→ Exercise details: Set down exactly the lines below, starting at the one that contains "of_int (x*x' - y*y'" and ending at the one that contains "define f where", with both of those lines included and nothing else.

Stored data
lemma clf_line_inj:
  assumes "snd \<xi> \<noteq> (0,0,0)"
  shows "clf_line \<xi> x y = clf_line \<xi> x' y' \<longleftrightarrow> x = x' \<and> y = y'"
  using assms by (cases \<xi>) auto

lemma clf_add_line:
  "clf_add (clf_line \<xi> x y) (clf_line \<xi> x' y') = clf_line \<xi> (x + x') (y + y')"
  by (cases \<xi>) (simp add: algebra_simps)

lemma clf_mul_line:
  "clf_mul F (clf_line \<xi> x y) (clf_line \<xi> x' y') =
   clf_line \<xi> (x*x' - y*y' * clf_nrd F \<xi>) (x*y' + x'*y + y*y' * clf_trd F \<xi>)"
  by (cases F, cases \<xi>) (simp add: Let_def algebra_simps power2_eq_square)

lemma clf_mul_self: "clf_mul F \<xi> \<xi> = clf_line \<xi> (- clf_nrd F \<xi>) (clf_trd F \<xi>)"
  using clf_mul_line[of F \<xi> 0 1 0 1] by simp

lemma tform_adj_eq_clf_disc:
  "tform_adj F t1 t2 t3 = 4 * clf_nrd F (s,t1,t2,t3) - clf_trd F (s,t1,t2,t3)^2"
  by (cases F) (simp add: algebra_simps power2_eq_square)

lemma clf_trd_shift: "clf_trd F (s,t1,t2,t3) = 2*s + clf_trd F (0,t1,t2,t3)"
  by (cases F) simp

lemma additive_hom_of_int:
  fixes f :: "complex \<Rightarrow> clf"
  assumes "1 \<in> R" and R: "\<forall>x\<in>R. \<forall>y\<in>R. x + y \<in> R \<and> - x \<in> R"
    and f1: "f 1 = clf_one" and f_add: "\<forall>x\<in>R. \<forall>y\<in>R. f (x + y) = clf_add (f x) (f y)"
  shows "of_int k \<in> R \<and> f (of_int k) = (k,0,0,0)"
proof (induction k rule: int_induct[where k = 0])
  case base
  have "0 \<in> R"
    using assms(1) R by (metis add.right_inverse)
  moreover obtain a0 a1 a2 a3 where "f 0 = (a0,a1,a2,a3)"
    by (metis prod_cases4)
  moreover have "f (0 + 0) = clf_add (f 0) (f 0)"
    using f_add \<open>0 \<in> R\<close> by blast
  ultimately show ?case
    by simp
next
  case (step1 i)
  then have "of_int i + 1 \<in> R" and "f (of_int i + 1) = clf_add (f (of_int i)) (f 1)"
    using assms(1) R f_add by blast+
  then show ?case
    using step1 f1 by (simp add: clf_one_def)
next
  case (step2 i)
  then have "of_int i + -1 \<in> R"
    using assms(1) R by blast
  then have "f ((of_int i + -1) + 1) = clf_add (f (of_int i + -1)) (f 1)"
    using assms(1) f_add by blast
  moreover obtain a0 a1 a2 a3 where "f (of_int i + -1) = (a0,a1,a2,a3)"
    by (metis prod_cases4)
  ultimately show ?case
    using \<open>of_int i + -1 \<in> R\<close> step2 f1 by (simp add: clf_one_def)
qed

lemma tform_adj_represents_of_clf_oriented:
  assumes "clf_oriented F R" and "\<omega> \<in> R" and "Im \<omega> \<noteq> 0"
    and "\<omega> * \<omega> = of_int \<tau> * \<omega> - of_int \<nu>"
  shows "\<exists>t1 t2 t3. tform_adj F t1 t2 t3 = 4 * \<nu> - \<tau>^2"
proof -
  obtain f where R: "1 \<in> R" "\<forall>x\<in>R. \<forall>y\<in>R. x + y \<in> R \<and> x * y \<in> R \<and> - x \<in> R"
    and inj: "inj_on f R" and f1: "f 1 = clf_one"
    and hom: "\<forall>x\<in>R. \<forall>y\<in>R. f (x + y) = clf_add (f x) (f y) \<and> f (x * y) = clf_mul F (f x) (f y)"
    using assms(1) unfolding clf_oriented_def by blast
  have int: "of_int k \<in> R \<and> f (of_int k) = (k,0,0,0)" for k
    by (rule additive_hom_of_int[of R f]) (use R f1 hom in blast)+
  define \<xi> where "\<xi> = f \<omega>"
  obtain s t1 t2 t3 where \<xi>_eq: "\<xi> = (s,t1,t2,t3)"
    by (metis prod_cases4)
  have "snd \<xi> \<noteq> (0,0,0)"
  proof
    assume "snd \<xi> = (0,0,0)"
    then have "f \<omega> = f (of_int s)"
      using \<xi>_eq int unfolding \<xi>_def by simp
    then have "\<omega> = of_int s"
      using inj assms(2) int by (meson inj_onD)
    with assms(3) show False
      by simp
  qed
  have \<tau>\<omega>: "of_int \<tau> * \<omega> \<in> R" "f (of_int \<tau> * \<omega>) = clf_mul F (\<tau>,0,0,0) \<xi>"
    using hom R(2) int[of \<tau>] assms(2) unfolding \<xi>_def by simp_all
  have "clf_line \<xi> (- clf_nrd F \<xi>) (clf_trd F \<xi>) = f (\<omega> * \<omega>)"
    using hom assms(2) unfolding \<xi>_def by (simp add: clf_mul_self)
  also have "\<dots> = f (of_int \<tau> * \<omega> + of_int (- \<nu>))"
    using assms(4) by simp
  also have "\<dots> = clf_add (f (of_int \<tau> * \<omega>)) (f (of_int (- \<nu>)))"
    using hom \<tau>\<omega>(1) int by blast
  also have "\<dots> = clf_line \<xi> (- \<nu>) \<tau>"
    using \<tau>\<omega>(2) int[of "- \<nu>"] clf_mul_line[of F \<xi> \<tau> 0 0 1] clf_add_line[of \<xi> 0 \<tau> "- \<nu>" 0] by simp
  finally have "clf_nrd F \<xi> = \<nu> \<and> clf_trd F \<xi> = \<tau>"
    using clf_line_inj[OF \<open>snd \<xi> \<noteq> (0,0,0)\<close>] by simp
  then show ?thesis
    using tform_adj_eq_clf_disc[of F t1 t2 t3 s] unfolding \<xi>_eq by blast
qed

lemma tform_adj_represents_of_order_sqrt:
  assumes "n > 0" and "clf_oriented F (order_sqrt n)"
  shows "\<exists>t1 t2 t3. tform_adj F t1 t2 t3 = 4 * int n"
proof -
  define \<omega> where "\<omega> = \<i> * of_real (sqrt (real n))"
  have "\<omega> \<in> order_sqrt n"
    unfolding order_sqrt_def \<omega>_def by (rule CollectI, rule exI[of _ 0], rule exI[of _ 1]) simp
  moreover have "Im \<omega> \<noteq> 0"
    using assms(1) by (simp add: \<omega>_def)
  moreover have "\<omega> * \<omega> = of_int 0 * \<omega> - of_int (int n)"
    by (simp add: \<omega>_def complex_eq_iff)
  ultimately have "\<exists>t1 t2 t3. tform_adj F t1 t2 t3 = 4 * int n - 0^2"
    by (rule tform_adj_represents_of_clf_oriented[OF assms(2)])
  then show ?thesis
    by simp
qed

lemma tform_adj_represents_of_order_half:
  assumes "n > 0" and "clf_oriented F (order_half n)"
  shows "\<exists>t1 t2 t3. tform_adj F t1 t2 t3 = int n"
proof -
  define r where "r = sqrt (real n)"
  have "r > 0" and "r * r = real n"
    using assms(1) by (simp_all add: r_def)
  define \<omega> where "\<omega> = (1 + \<i> * of_real r) / 2"
  have R: "order_half n = {of_int x + of_int y * \<omega> | x y. True}"
    unfolding order_half_def \<omega>_def r_def ..
  have "\<omega> \<in> order_half n"
    unfolding R by (rule CollectI, rule exI[of _ 0], rule exI[of _ 1]) simp
  moreover have "Im \<omega> \<noteq> 0"
    using \<open>r > 0\<close> by (simp add: \<omega>_def)
  \<comment> \<open>Closure of the order under multiplication forces \<open>n \<equiv> 3 (mod 4)\<close>.\<close>
  moreover obtain x y where xy: "\<omega> * \<omega> = of_int x + of_int y * \<omega>"
    using assms(2) \<open>\<omega> \<in> order_half n\<close> unfolding clf_oriented_def R by blast
  have "r / 2 = y * r / 2" and "(1 - r * r) / 4 = x + y / 2"
    using arg_cong[OF xy, of Im] arg_cong[OF xy, of Re] by (simp_all add: \<omega>_def field_simps)
  then have "y = 1" and "4 * x = - 1 - int n"
    using \<open>r > 0\<close> \<open>r * r = real n\<close> by simp_all
  then have "\<omega> * \<omega> = of_int 1 * \<omega> - of_int (- x)"
    using xy by simp
  ultimately have "\<exists>t1 t2 t3. tform_adj F t1 t2 t3 = 4 * (- x) - 1^2"
    by (rule tform_adj_represents_of_clf_oriented[OF assms(2)])
  with \<open>4 * x = - 1 - int n\<close> show ?thesis
    by simp
qed

lemma clf_oriented_order_sqrt_of_root:
  assumes "n > 0" and "snd \<xi> \<noteq> (0,0,0)" and "clf_trd F \<xi> = 0" and "clf_nrd F \<xi> = int n"
  shows "clf_oriented F (order_sqrt n)"
proof -
  define r where "r = sqrt (real n)"
  have "r > 0"
    using assms(1) by (simp add: r_def)
  define \<omega> where "\<omega> = \<i> * complex_of_real r"
  have R: "order_sqrt n = {of_int x + of_int y * \<omega> | x y. True}"
    unfolding order_sqrt_def \<omega>_def r_def ..
  have "\<omega> * \<omega> = - of_nat n"
    by (simp add: \<omega>_def r_def complex_eq_iff)
  then have mult: "(of_int x + of_int y * \<omega>) * (of_int x' + of_int y' * \<omega>) =
      of_int (x*x' - y*y' * int n) + of_int (x*y' + x'*y) * \<omega>" for x y x' y'
    by (simp add: algebra_simps) (simp add: mult.assoc[symmetric])
  have add: "(of_int x + of_int y * \<omega>) + (of_int x' + of_int y' * \<omega>) =
      of_int (x + x') + of_int (y + y') * \<omega>" for x y x' y'
    by (simp add: algebra_simps)
  have one: "1 = of_int 1 + of_int 0 * \<omega>"
    by simp
  define f where "f z = clf_line \<xi> \<lfloor>Re z\<rfloor> \<lfloor>Im z / r\<rfloor>" for z
  have f_coord: "f (of_int x + of_int y * \<omega>) = clf_line \<xi> x y" for x y
    unfolding f_def \<omega>_def using \<open>r > 0\<close> by simp
  have neg: "- (of_int x + of_int y * \<omega>) = of_int (- x) + of_int (- y) * \<omega>" for x y
    by simp
  have "1 \<in> order_sqrt n \<and> (\<forall>z\<in>order_sqrt n. \<forall>z'\<in>order_sqrt n.
          z + z' \<in> order_sqrt n \<and> z * z' \<in> order_sqrt n \<and> - z \<in> order_sqrt n)"
    unfolding R using one add mult neg by blast
  moreover have "inj_on f (order_sqrt n)"
    using clf_line_inj[OF assms(2)] unfolding R by (auto intro!: inj_onI simp: f_coord)
  moreover have "f 1 = clf_one"
    unfolding one f_coord by (simp add: clf_one_def)
  moreover have "f (z + z') = clf_add (f z) (f z') \<and> f (z * z') = clf_mul F (f z) (f z')"
    if "z \<in> order_sqrt n" and "z' \<in> order_sqrt n" for z z'
  proof -
    obtain x y x' y' where z: "z = of_int x + of_int y * \<omega>" and z': "z' = of_int x' + of_int y' * \<omega>"
      using \<open>z \<in> order_sqrt n\<close> \<open>z' \<in> order_sqrt n\<close> unfolding R by blast
    show ?thesis
      unfolding z z' add mult f_coord clf_add_line clf_mul_line assms(3,4) by simp
  qed
  ultimately show ?thesis
    unfolding clf_oriented_def by blast
qed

→ Task response:
      of_int (x*x' - y*y' * int n) + of_int (x*y' + x'*y) * \<omega>" for x y x' y'
    by (simp add: algebra_simps) (simp add: mult.assoc[symmetric])
  have add: "(of_int x + of_int y * \<omega>) + (of_int x' + of_int y' * \<omega>) =
      of_int (x + x') + of_int (y + y') * \<omega>" for x y x' y'
    by (simp add: algebra_simps)
  have one: "1 = of_int 1 + of_int 0 * \<omega>"
    by simp
  define f where "f z = clf_line \<xi> \<lfloor>Re z\<rfloor> \<lfloor>Im z / r\<rfloor>" for z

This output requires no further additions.